━━━━━ Provided material

text \<open>
  Write the summand of S as t(k) = A(k)^2 / (2k+1) with A(k) = (2k)!! / (2k+1)!!, which equals
  4^k / ((2k+1) binom(2k, k)). Sorting the factors of A(k) by divisibility by p gives
  A(k) = U(k) A(k div p) w(k) with a p-adic unit U(k) and w(k) either 1/p or 2 (k div p) + 1, so
  p^r A(k) is p-integral whenever 2k+1 < p^(r+1). After scaling by p^(3(r+2)), the terms of the sum
  over 2k+1 < p^(r+2) with p not dividing 2k+1 vanish modulo p^4, while for 2k+1 = p(2l+1) one has
  t(k) = t(l) U(k)^2 / p^3, and U(k)^2 = 1 (mod p) because i |-> k - i matches each even factor 2i
  of U(k) with an odd factor 2(k-i)+1 = -2i (mod p). Hence the scaled sums for the exponents r+2
  and r+1 agree modulo p^4. Below, t, A and U are S_term, dfact_ratio and unit_part.
\<close>

definition p_integral :: "nat \<Rightarrow> rat \<Rightarrow> bool" where
  "p_integral p x \<longleftrightarrow> (\<exists>a b. \<not> int p dvd b \<and> x = of_int a / of_int b)"

lemma rat_cong_iff_p_integral:
  "rat_cong a b (int p) m \<longleftrightarrow> p_integral p ((a - b) / of_nat p ^ m)"
proof -
  define x where "x = (a - b) / of_nat p ^ m"
  obtain n d where nd: "quotient_of x = (n, d)" by (cases "quotient_of x")
  have x: "x = of_int n / of_int d" and "d > 0" and "coprime n d"
    using nd quotient_of_div quotient_of_denom_pos quotient_of_coprime by blast+
  have "\<not> int p dvd d \<longleftrightarrow> p_integral p x"
  proof
    show "\<not> int p dvd d \<Longrightarrow> p_integral p x"
      unfolding p_integral_def using x by blast
  next
    assume "p_integral p x"
    then obtain a' b' where b': "\<not> int p dvd b'" "x = of_int a' / of_int b'"
      unfolding p_integral_def by blast
    then have "b' \<noteq> 0" by auto
    then have "n * b' = a' * d"
      using x b'(2) \<open>d > 0\<close> by (simp add: field_simps flip: of_int_mult)
    then have "d dvd b'"
      using \<open>coprime n d\<close> by (metis coprime_commute coprime_dvd_mult_right_iff dvd_triv_right)
    then show "\<not> int p dvd d" using b'(1) dvd_trans by blast
  qed
  moreover have "rat_cong a b (int p) m \<longleftrightarrow> \<not> int p dvd d"
    unfolding rat_cong_def using nd x_def by simp
  ultimately show ?thesis unfolding x_def by simp
qed

locale prime_number =
  fixes p :: nat
  assumes prime_p: "prime p"
begin

lemma p_integral_of_int [simp]: "p_integral p (of_int a)"
  unfolding p_integral_def using prime_p
  by (intro exI[of _ a] exI[of _ 1]) (auto simp: prime_gt_1_nat)

lemma p_integral_of_nat [simp]: "p_integral p (of_nat n)"
  using p_integral_of_int[of "int n"] by simp

lemma p_integral_0 [simp]: "p_integral p 0"
  using p_integral_of_int[of 0] by simp

lemma p_integral_1 [simp]: "p_integral p 1"
  using p_integral_of_int[of 1] by simp

lemma p_integral_mult [intro]:
  assumes "p_integral p x" "p_integral p y"
  shows "p_integral p (x * y)"
proof -
  obtain a b c d where "\<not> int p dvd b" "x = of_int a / of_int b"
    "\<not> int p dvd d" "y = of_int c / of_int d"
    using assms unfolding p_integral_def by blast
  moreover from calculation have "\<not> int p dvd b * d"
    using prime_p by (simp add: prime_dvd_mult_iff)
  ultimately show ?thesis
    unfolding p_integral_def by (intro exI[of _ "a * c"] exI[of _ "b * d"]) simp
qed

lemma p_integral_add [intro]:
  assumes "p_integral p x" "p_integral p y"
  shows "p_integral p (x + y)"
proof -
  obtain a b c d where "\<not> int p dvd b" "x = of_int a / of_int b"
    "\<not> int p dvd d" "y = of_int c / of_int d"
    using assms unfolding p_integral_def by blast
  moreover from calculation have "\<not> int p dvd b * d"
    using prime_p by (simp add: prime_dvd_mult_iff)
  moreover from calculation have "b \<noteq> 0" "d \<noteq> 0" by auto
  ultimately show ?thesis
    unfolding p_integral_def
    by (intro exI[of _ "a * d + c * b"] exI[of _ "b * d"]) (simp add: field_simps)
qed

lemma p_integral_power [intro]: "p_integral p x \<Longrightarrow> p_integral p (x ^ n)"
  by (induction n) auto

lemma p_integral_divide_int:
  assumes "p_integral p x" "\<not> int p dvd b"
  shows "p_integral p (x / of_int b)"
proof -
  obtain a c where "\<not> int p dvd c" "x = of_int a / of_int c"
    using assms(1) unfolding p_integral_def by blast
  moreover from calculation have "\<not> int p dvd c * b"
    using assms(2) prime_p by (simp add: prime_dvd_mult_iff)
  ultimately show ?thesis
    unfolding p_integral_def by (intro exI[of _ a] exI[of _ "c * b"]) simp
qed

lemma p_integral_divide_nat:
  "p_integral p x \<Longrightarrow> \<not> p dvd n \<Longrightarrow> p_integral p (x / of_nat n)"
  using p_integral_divide_int[of x "int n"] by simp

lemma p_integral_power_divide:
  assumes "0 < n" "n < p ^ Suc r"
  shows "p_integral p (of_nat p ^ r / of_nat n)"
proof -
  have "\<not> is_unit p" using prime_p not_prime_unit by blast
  then obtain u where u: "n = p ^ multiplicity p n * u" "\<not> p dvd u"
    using multiplicity_decompose'[of n p] assms(1) by auto
  define e where "e = multiplicity p n"
  have "p ^ e \<le> n" using u assms(1) unfolding e_def
    by (metis dvd_imp_le dvd_triv_left)
  then have "e \<le> r"
    using assms(2) prime_gt_1_nat[OF prime_p] by (metis le_less_trans less_Suc_eq_le power_less_imp_less_exp)
  then have "of_nat p ^ r / of_nat n = (of_nat p ^ (r - e) / of_nat u :: rat)"
    using u(1) prime_gt_0_nat[OF prime_p] unfolding e_def[symmetric]
    by (simp add: power_diff)
  then show ?thesis
    using p_integral_divide_nat[OF _ u(2)] by (simp flip: of_nat_power)
qed

lemma rat_cong_refl [simp]: "rat_cong a a (int p) m"
  by (simp add: rat_cong_iff_p_integral)

lemma rat_cong_add:
  assumes "rat_cong a b (int p) m" "rat_cong c d (int p) m"
  shows "rat_cong (a + c) (b + d) (int p) m"
proof -
  have "(a + c - (b + d)) / of_nat p ^ m = (a - b) / of_nat p ^ m + (c - d) / of_nat p ^ m"
    by (simp add: add_divide_distrib diff_divide_distrib)
  then show ?thesis using assms unfolding rat_cong_iff_p_integral by auto
qed

lemma rat_cong_trans:
  "rat_cong a b (int p) m \<Longrightarrow> rat_cong b c (int p) m \<Longrightarrow> rat_cong a c (int p) m"
  using rat_cong_add[of a b m b c] by (simp add: rat_cong_iff_p_integral)

lemma rat_cong_sum:
  "(\<And>i. i \<in> A \<Longrightarrow> rat_cong (f i) (g i) (int p) m) \<Longrightarrow>
     rat_cong (sum f A) (sum g A) (int p) m"
  by (induction A rule: infinite_finite_induct) (simp_all add: rat_cong_add)

end

lemma central_binomial_Suc:
  "(k + 1) * ((2*k + 2) choose (k + 1)) = 2 * (2*k + 1) * ((2*k) choose k)"
proof -
  define C where "C = (2*k + 1) choose k"
  have "(k + 1) * ((2*k + 2) choose (k + 1)) = (2*k + 2) * C"
    using Suc_times_binomial_eq[of "2*k + 1" k] unfolding C_def by (simp add: mult.commute)
  also have "\<dots> = 2 * ((k + 1) * C)" by simp
  also have "(k + 1) * C = (2*k + 1) * ((2*k) choose k)"
    using binomial_absorb_comp[of "2*k + 1" k] unfolding C_def by (simp add: Suc_diff_le)
  finally show ?thesis by simp
qed

definition dfact_ratio :: "nat \<Rightarrow> rat" where
  "dfact_ratio k = (\<Prod>i = 1..k. of_nat (2*i) / of_nat (2*i + 1))"

lemma dfact_ratio_0 [simp]: "dfact_ratio 0 = 1"
  by (simp add: dfact_ratio_def)

lemma dfact_ratio_Suc: "dfact_ratio (Suc k) = dfact_ratio k * of_nat (2*k + 2) / of_nat (2*k + 3)"
  by (simp add: dfact_ratio_def prod.nat_ivl_Suc')

lemma dfact_ratio_central_binomial:
  "of_nat (2*k + 1) * of_nat ((2*k) choose k) * dfact_ratio k = 4 ^ k"
proof (induction k)
  case (Suc k)
  define C where "C = (2*k) choose k"
  define C' where "C' = (2*k + 2) choose (k + 1)"
  have C': "(2 * Suc k) choose (Suc k) = C'" unfolding C'_def by simp
  have "of_nat (k + 1) * of_nat C' = (2 * of_nat (2*k + 1) * of_nat C :: rat)"
    using arg_cong[OF central_binomial_Suc[of k], of "of_nat :: nat \<Rightarrow> rat"]
    unfolding C_def C'_def by (simp only: of_nat_mult of_nat_numeral)
  then have C'_eq: "of_nat (2*k + 2) * of_nat C' = (4 * (of_nat (2*k + 1) * of_nat C) :: rat)"
    by (simp add: algebra_simps)
  have "of_nat (2 * Suc k + 1) * of_nat C' * dfact_ratio (Suc k)
      = of_nat C' * (of_nat (2 * Suc k + 1) * dfact_ratio (Suc k))" by (simp only: ac_simps)
  also have "\<dots> = (of_nat (2*k + 2) * of_nat C') * dfact_ratio k"
    by (simp add: dfact_ratio_Suc field_simps)
  also have "\<dots> = 4 * 4 ^ k"
    using Suc.IH unfolding C'_eq C_def by (simp only: ac_simps)
  finally show ?case unfolding C' by simp
qed simp

definition S_term :: "nat \<Rightarrow> rat" where
  "S_term k = dfact_ratio k ^ 2 / of_nat (2*k + 1)"

lemma S_eq_sum_S_term: "S n = (\<Sum>k = 0..n. S_term k)"
proof -
  have cancel: "(x * c * a) ^ 2 / (x ^ 3 * c ^ 2) = a ^ 2 / x" if "x \<noteq> 0" "c \<noteq> 0" for x c a :: rat
    using that by (simp add: power2_eq_square power3_eq_cube)
  have "16 ^ k / (of_nat (2*k + 1) ^ 3 * of_nat ((2*k) choose k) ^ 2) = S_term k" for k
  proof -
    have "(4 ^ k) ^ 2 = ((4::rat) ^ 2) ^ k" by (simp only: power_mult[symmetric] mult.commute)
    then have "(16::rat) ^ k = (of_nat (2*k + 1) * of_nat ((2*k) choose k) * dfact_ratio k) ^ 2"
      by (simp only: dfact_ratio_central_binomial) simp
    then show ?thesis
      unfolding S_term_def
      using cancel[of "of_nat (2*k + 1)" "of_nat ((2*k) choose k)" "dfact_ratio k"] by simp
  qed
  then show ?thesis unfolding S_def by simp
qed

lemma S_eq_sum_odd_below:
  assumes "odd N" "3 \<le> N"
  shows "S ((N - 3) div 2) = (\<Sum>k | 2*k + 1 < N. S_term k)"
proof -
  have "{0..(N - 3) div 2} = {k. 2*k + 1 < N}" using assms by (auto elim!: oddE)
  then show ?thesis unfolding S_eq_sum_S_term by simp
qed

lemma mult_add_div_mod:
  fixes n q s :: nat
  assumes "s < n"
  shows "(n*q + s) div n = q" "(n*q + s) mod n = s"
  using assms by (simp_all add: div_nat_eqI)

lemma filter_atMost_Suc:
  "{i \<in> {..Suc k}. P i} = (if P (Suc k) then insert (Suc k) {i \<in> {..k}. P i} else {i \<in> {..k}. P i})"
  by (auto simp: le_Suc_eq)

locale odd_prime = prime_number +
  assumes odd_p: "odd p"
begin

lemma p_ge_3: "p \<ge> 3"
  using prime_ge_2_nat[OF prime_p] odd_p by (cases "p = 2") auto

lemma not_dvd_2: "\<not> p dvd 2"
  using p_ge_3 by (auto dest: dvd_imp_le)

definition coprime_evens :: "nat \<Rightarrow> int" where
  "coprime_evens k = (\<Prod>i \<in> {i \<in> {..k}. \<not> p dvd i}. 2 * int i)"

definition coprime_odds :: "nat \<Rightarrow> int" where
  "coprime_odds k = (\<Prod>i \<in> {i \<in> {..k}. \<not> p dvd 2*i + 1}. 2 * int i + 1)"

definition unit_part :: "nat \<Rightarrow> rat" where
  "unit_part k = of_int (coprime_evens k) / of_int (coprime_odds k)"

lemma coprime_evens_Suc:
  "coprime_evens (Suc k) = (if p dvd Suc k then 1 else 2 * int k + 2) * coprime_evens k"
  unfolding coprime_evens_def filter_atMost_Suc[where P = "\<lambda>i. \<not> p dvd i"] by simp

lemma coprime_odds_Suc:
  "coprime_odds (Suc k) = (if p dvd 2*k + 3 then 1 else 2 * int k + 3) * coprime_odds k"
  unfolding coprime_odds_def filter_atMost_Suc[where P = "\<lambda>i. \<not> p dvd 2*i + 1"]
  by (simp add: numeral_3_eq_3)
(* Consider the two-user scalar fading multiple access channel and the Stackelberg game described in the context. For every pair $(\mu_1,\mu_2)$ with $0\le\mu_1<\infty$, $0\le\mu_2<\infty$ and every $\epsilon>0$, an $\epsilon$-Stackelberg strategy exists.
   Context: Channel: $y=\sqrt{h_1}x_1+\sqrt{h_2}x_2+z$, noise variance $\sigma^2>0$; the fading $\mathbf h=(h_1,h_2)$ is stationary ergodic with a stationary distribution on $(0,\infty)^2$ having a continuous bounded density $f$; channel state is known everywhere. User $i$ has power budget $\bar P_i>0$ and feasible set $\mathcal F_i$ of measurable $\mathcal P_i\ge0$ with $E[\mathcal P_i(\mathbf h)]\le\bar P_i$. Stackelberg game: the base station (leader) announces a measurable set $D_1\subseteq(0,\infty)^2$; it then decodes user 1 first on $D_1$ and user 2 first on $D_1^c$. The users then play the low-level game with payoffs $\bar R_1(D_1,\mathcal P_1,\mathcal P_2)=\iint\tfrac12\log_2\Big(1+\frac{\mathcal P_1h_1}{\sigma^2+\mathcal P_2h_2I_{\{(h_1,h_2)\in D_1\}}}\Big)f\,dh_1dh_2$, $\bar R_2(D_1,\mathcal P_1,\mathcal P_2)=\iint\tfrac12\log_2\Big(1+\frac{\mathcal P_2h_2}{\sigma^2+\mathcal P_1h_1I_{\{(h_1,h_2)\in D_1^c\}}}\Big)f\,dh_1dh_2$. For each $D_1$ this low-level game has a unique admissible Nash equilibrium $(\mathcal P_{1D_1},\mathcal P_{2D_1})$ (a Nash equilibrium not Pareto-dominated in payoffs by another Nash equilibrium). The base station's payoff is $J(D_1)=\mu_1\bar R_1(D_1,\mathcal P_{1D_1},\mathcal P_{2D_1})+\mu_2\bar R_2(D_1,\mathcal P_{1D_1},\mathcal P_{2D_1})$. Let $R^*=\sup_{D_1}J(D_1)$. For $\epsilon>0$, a strategy $D_{1,\epsilon}^*$ is an $\epsilon$-Stackelberg strategy if $J(D_{1,\epsilon}^* )\ge R^*-\epsilon$. *)

theory Defs
  imports "HOL-Analysis.Analysis"
begin

definition fading_space :: "(real \<times> real) set" where
  "fading_space = {0<..} \<times> {0<..}"

definition fading_measure :: "(real \<times> real \<Rightarrow> real) \<Rightarrow> (real \<times> real) measure" where
  "fading_measure f = density lborel (\<lambda>h. ennreal (f h) * indicator fading_space h)"

definition feasible :: "(real \<times> real \<Rightarrow> real) \<Rightarrow> real \<Rightarrow> (real \<times> real \<Rightarrow> real) set" where
  "feasible f Pbar = {P. P \<in> borel_measurable borel \<and> (\<forall>h. 0 \<le> P h) \<and>
      (\<integral>\<^sup>+ h. ennreal (P h) \<partial>fading_measure f) \<le> ennreal Pbar}"

definition bs_strategies :: "(real \<times> real) set set" where
  "bs_strategies = {D. D \<in> sets borel \<and> D \<subseteq> fading_space}"

definition rate1 :: "(real \<times> real \<Rightarrow> real) \<Rightarrow> real \<Rightarrow> (real \<times> real) set
    \<Rightarrow> (real \<times> real \<Rightarrow> real) \<Rightarrow> (real \<times> real \<Rightarrow> real) \<Rightarrow> ennreal" where
  "rate1 f \<sigma>2 D P1 P2 = (\<integral>\<^sup>+ h. ennreal (1/2 * log 2 (1 + P1 h * fst h /
      (\<sigma>2 + P2 h * snd h * indicator D h))) \<partial>fading_measure f)"

definition rate2 :: "(real \<times> real \<Rightarrow> real) \<Rightarrow> real \<Rightarrow> (real \<times> real) set
    \<Rightarrow> (real \<times> real \<Rightarrow> real) \<Rightarrow> (real \<times> real \<Rightarrow> real) \<Rightarrow> ennreal" where
  "rate2 f \<sigma>2 D P1 P2 = (\<integral>\<^sup>+ h. ennreal (1/2 * log 2 (1 + P2 h * snd h /
      (\<sigma>2 + P1 h * fst h * indicator (- D) h))) \<partial>fading_measure f)"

━━━━━━━━━━

Would you please write out, exactly and with no other lines, the stretch of the listing above from the line containing "choose (k + 1)) = 2" through the line containing "k) = dfact_ratio"?

== Task answer ==
  "(k + 1) * ((2*k + 2) choose (k + 1)) = 2 * (2*k + 1) * ((2*k) choose k)"
proof -
  define C where "C = (2*k + 1) choose k"
  have "(k + 1) * ((2*k + 2) choose (k + 1)) = (2*k + 2) * C"
    using Suc_times_binomial_eq[of "2*k + 1" k] unfolding C_def by (simp add: mult.commute)
  also have "\<dots> = 2 * ((k + 1) * C)" by simp
  also have "(k + 1) * C = (2*k + 1) * ((2*k) choose k)"
    using binomial_absorb_comp[of "2*k + 1" k] unfolding C_def by (simp add: Suc_diff_le)
  finally show ?thesis by simp
qed

definition dfact_ratio :: "nat \<Rightarrow> rat" where
  "dfact_ratio k = (\<Prod>i = 1..k. of_nat (2*i) / of_nat (2*i + 1))"

lemma dfact_ratio_0 [simp]: "dfact_ratio 0 = 1"
  by (simp add: dfact_ratio_def)

lemma dfact_ratio_Suc: "dfact_ratio (Suc k) = dfact_ratio k * of_nat (2*k + 2) / of_nat (2*k + 3)"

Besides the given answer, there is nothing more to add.